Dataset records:
───
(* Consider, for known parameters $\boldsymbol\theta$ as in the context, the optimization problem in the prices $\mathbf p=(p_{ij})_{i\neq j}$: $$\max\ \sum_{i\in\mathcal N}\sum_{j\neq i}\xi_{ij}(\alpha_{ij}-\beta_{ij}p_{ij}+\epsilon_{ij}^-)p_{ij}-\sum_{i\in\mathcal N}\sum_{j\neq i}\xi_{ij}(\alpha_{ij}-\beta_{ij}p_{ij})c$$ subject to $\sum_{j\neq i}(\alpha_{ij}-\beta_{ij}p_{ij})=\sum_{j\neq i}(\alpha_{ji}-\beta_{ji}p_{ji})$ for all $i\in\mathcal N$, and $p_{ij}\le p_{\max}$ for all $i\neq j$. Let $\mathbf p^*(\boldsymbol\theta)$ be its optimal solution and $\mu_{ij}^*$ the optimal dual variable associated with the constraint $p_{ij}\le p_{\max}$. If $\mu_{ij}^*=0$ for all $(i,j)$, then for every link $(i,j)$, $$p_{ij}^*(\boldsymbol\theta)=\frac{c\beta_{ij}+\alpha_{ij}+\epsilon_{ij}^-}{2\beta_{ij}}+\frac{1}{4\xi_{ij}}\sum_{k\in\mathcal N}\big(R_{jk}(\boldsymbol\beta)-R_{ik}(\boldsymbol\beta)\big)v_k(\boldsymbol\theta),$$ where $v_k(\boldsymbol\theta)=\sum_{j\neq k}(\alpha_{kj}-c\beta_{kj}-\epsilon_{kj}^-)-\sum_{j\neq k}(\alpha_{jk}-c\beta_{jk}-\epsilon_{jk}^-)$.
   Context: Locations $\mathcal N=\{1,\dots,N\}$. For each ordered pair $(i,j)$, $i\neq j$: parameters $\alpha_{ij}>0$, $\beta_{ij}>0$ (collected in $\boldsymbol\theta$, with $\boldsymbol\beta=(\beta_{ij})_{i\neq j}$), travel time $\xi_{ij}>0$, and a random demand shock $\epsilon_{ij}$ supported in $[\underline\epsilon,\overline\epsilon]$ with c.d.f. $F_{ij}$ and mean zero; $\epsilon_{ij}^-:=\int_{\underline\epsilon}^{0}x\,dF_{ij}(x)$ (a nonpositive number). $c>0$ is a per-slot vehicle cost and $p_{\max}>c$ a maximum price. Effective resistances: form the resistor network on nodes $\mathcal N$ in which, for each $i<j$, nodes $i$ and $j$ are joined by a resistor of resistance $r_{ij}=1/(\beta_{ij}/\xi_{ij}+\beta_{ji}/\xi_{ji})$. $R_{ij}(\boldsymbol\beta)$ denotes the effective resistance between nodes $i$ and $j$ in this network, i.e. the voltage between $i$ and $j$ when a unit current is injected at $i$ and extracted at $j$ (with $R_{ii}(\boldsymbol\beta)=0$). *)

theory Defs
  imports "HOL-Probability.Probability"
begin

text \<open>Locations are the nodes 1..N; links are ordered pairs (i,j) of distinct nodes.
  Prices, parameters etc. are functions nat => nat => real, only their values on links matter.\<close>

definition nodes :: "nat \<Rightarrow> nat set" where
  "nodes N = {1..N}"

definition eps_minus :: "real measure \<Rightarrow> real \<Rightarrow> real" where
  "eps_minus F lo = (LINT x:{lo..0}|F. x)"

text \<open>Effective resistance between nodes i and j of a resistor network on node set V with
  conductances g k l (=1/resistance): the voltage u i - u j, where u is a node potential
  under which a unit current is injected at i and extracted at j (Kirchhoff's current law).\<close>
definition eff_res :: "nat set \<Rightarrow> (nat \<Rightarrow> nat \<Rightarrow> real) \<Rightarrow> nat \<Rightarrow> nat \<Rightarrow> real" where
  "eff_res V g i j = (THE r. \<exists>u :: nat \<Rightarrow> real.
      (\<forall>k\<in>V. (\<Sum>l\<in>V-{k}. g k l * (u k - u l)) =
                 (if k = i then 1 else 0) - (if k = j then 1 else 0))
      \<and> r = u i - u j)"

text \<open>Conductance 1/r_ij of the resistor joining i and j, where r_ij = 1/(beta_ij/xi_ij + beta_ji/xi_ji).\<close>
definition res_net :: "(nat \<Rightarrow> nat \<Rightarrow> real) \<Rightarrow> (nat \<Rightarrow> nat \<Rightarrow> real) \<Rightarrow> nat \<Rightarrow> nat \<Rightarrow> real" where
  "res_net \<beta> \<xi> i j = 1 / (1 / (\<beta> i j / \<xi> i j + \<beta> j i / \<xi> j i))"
───
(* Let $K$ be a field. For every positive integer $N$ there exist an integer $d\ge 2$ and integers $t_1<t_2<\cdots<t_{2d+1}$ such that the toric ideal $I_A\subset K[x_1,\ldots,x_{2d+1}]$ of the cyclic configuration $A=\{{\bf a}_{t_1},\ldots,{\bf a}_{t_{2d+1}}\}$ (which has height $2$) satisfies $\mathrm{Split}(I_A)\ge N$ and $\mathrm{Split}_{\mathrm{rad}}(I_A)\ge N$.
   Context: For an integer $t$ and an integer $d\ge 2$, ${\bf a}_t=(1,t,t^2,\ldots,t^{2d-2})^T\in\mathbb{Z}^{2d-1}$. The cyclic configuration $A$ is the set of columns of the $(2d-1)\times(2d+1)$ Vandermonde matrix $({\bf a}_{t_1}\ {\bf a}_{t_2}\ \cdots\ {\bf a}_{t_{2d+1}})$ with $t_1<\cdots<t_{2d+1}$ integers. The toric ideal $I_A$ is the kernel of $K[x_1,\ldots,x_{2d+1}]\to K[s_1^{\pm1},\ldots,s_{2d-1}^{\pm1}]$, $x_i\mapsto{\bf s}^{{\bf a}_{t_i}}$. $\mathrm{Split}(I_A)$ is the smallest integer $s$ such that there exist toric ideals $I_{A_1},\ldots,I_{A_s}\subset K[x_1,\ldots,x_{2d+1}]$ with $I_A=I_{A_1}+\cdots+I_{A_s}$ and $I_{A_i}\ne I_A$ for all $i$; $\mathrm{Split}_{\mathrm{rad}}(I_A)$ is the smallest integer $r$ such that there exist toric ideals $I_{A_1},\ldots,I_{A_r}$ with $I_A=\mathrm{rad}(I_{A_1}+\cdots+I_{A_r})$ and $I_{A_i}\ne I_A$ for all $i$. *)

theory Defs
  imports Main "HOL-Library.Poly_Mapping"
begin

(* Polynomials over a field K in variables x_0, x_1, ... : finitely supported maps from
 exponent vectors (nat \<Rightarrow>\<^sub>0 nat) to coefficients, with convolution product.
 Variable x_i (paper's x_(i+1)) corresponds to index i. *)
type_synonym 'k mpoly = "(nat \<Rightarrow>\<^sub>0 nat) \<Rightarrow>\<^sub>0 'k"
───
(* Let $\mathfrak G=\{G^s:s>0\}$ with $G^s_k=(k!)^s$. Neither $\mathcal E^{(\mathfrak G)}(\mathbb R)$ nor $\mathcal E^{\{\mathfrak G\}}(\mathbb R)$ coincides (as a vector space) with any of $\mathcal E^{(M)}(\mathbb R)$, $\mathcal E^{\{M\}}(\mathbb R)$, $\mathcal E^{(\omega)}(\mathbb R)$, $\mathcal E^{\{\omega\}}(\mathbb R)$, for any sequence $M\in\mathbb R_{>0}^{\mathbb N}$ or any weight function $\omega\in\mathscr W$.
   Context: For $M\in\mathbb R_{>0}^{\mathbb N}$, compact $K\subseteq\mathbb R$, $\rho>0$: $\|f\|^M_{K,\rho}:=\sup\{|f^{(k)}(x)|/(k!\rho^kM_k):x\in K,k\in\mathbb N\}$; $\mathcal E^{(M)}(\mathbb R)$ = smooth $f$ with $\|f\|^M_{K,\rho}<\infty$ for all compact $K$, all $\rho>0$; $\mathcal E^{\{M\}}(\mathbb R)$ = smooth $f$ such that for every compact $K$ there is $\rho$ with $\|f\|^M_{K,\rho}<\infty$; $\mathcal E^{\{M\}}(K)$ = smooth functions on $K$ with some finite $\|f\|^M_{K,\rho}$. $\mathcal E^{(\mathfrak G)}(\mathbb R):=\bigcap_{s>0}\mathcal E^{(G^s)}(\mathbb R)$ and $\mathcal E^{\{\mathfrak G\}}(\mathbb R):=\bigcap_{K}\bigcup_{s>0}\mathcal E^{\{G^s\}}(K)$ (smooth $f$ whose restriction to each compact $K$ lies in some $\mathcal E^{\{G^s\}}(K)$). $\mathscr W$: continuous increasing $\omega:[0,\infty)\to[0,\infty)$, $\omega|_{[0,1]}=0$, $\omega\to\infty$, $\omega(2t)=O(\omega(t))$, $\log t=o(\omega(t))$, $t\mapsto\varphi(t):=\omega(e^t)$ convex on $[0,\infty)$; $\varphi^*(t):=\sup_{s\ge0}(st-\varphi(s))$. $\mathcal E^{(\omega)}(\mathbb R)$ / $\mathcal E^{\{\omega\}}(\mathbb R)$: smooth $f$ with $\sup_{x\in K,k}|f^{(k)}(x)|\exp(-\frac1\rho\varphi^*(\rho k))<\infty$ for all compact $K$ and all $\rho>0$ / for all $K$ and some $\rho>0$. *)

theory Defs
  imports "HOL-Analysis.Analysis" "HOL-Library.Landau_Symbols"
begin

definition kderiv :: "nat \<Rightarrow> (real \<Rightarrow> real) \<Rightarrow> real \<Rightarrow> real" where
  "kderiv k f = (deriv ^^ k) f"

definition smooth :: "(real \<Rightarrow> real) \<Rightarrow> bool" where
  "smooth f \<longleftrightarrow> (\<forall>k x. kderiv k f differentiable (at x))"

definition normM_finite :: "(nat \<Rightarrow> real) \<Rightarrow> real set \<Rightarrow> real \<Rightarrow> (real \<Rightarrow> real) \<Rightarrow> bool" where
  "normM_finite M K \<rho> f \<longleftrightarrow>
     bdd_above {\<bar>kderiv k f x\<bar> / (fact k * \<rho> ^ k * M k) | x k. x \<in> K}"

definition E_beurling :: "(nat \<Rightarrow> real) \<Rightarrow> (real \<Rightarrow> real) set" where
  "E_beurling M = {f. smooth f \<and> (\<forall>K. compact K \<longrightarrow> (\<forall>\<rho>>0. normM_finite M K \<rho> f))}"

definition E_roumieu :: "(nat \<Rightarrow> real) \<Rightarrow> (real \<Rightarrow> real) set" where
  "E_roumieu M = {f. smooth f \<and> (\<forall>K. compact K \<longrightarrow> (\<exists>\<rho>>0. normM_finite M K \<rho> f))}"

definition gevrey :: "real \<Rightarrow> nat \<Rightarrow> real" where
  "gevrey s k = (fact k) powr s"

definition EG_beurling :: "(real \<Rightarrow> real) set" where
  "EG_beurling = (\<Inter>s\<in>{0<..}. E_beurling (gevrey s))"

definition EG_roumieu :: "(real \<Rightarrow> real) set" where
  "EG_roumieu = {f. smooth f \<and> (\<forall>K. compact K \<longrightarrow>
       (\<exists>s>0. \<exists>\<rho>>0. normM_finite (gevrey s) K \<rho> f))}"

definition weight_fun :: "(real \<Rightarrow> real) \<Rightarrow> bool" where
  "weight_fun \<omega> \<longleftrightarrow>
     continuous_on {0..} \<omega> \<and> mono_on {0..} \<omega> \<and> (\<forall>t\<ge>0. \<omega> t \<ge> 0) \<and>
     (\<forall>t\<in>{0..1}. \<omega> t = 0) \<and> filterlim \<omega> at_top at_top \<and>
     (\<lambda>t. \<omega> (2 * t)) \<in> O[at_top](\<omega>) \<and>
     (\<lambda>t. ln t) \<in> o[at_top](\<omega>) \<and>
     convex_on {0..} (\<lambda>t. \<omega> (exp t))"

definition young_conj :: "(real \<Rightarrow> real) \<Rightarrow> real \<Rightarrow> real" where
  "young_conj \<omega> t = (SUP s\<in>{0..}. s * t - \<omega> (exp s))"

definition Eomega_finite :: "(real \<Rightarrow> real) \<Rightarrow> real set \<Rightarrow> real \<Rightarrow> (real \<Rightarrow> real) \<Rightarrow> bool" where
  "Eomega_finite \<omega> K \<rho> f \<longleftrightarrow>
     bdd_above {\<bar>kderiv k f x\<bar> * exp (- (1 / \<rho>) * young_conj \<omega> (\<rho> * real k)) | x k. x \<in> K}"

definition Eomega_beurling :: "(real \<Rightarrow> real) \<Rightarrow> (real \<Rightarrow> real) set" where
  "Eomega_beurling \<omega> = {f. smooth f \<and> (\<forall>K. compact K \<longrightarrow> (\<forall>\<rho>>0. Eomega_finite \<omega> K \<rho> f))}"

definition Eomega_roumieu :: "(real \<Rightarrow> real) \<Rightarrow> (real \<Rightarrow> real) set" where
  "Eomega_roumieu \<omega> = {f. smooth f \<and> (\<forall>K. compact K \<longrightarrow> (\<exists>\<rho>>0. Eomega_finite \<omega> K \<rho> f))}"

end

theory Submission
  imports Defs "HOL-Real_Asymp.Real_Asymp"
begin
───
Copy out every line from the data above in which the word "Library" occurs.

  imports Main "HOL-Library.Poly_Mapping"
  imports "HOL-Analysis.Analysis" "HOL-Library.Landau_Symbols"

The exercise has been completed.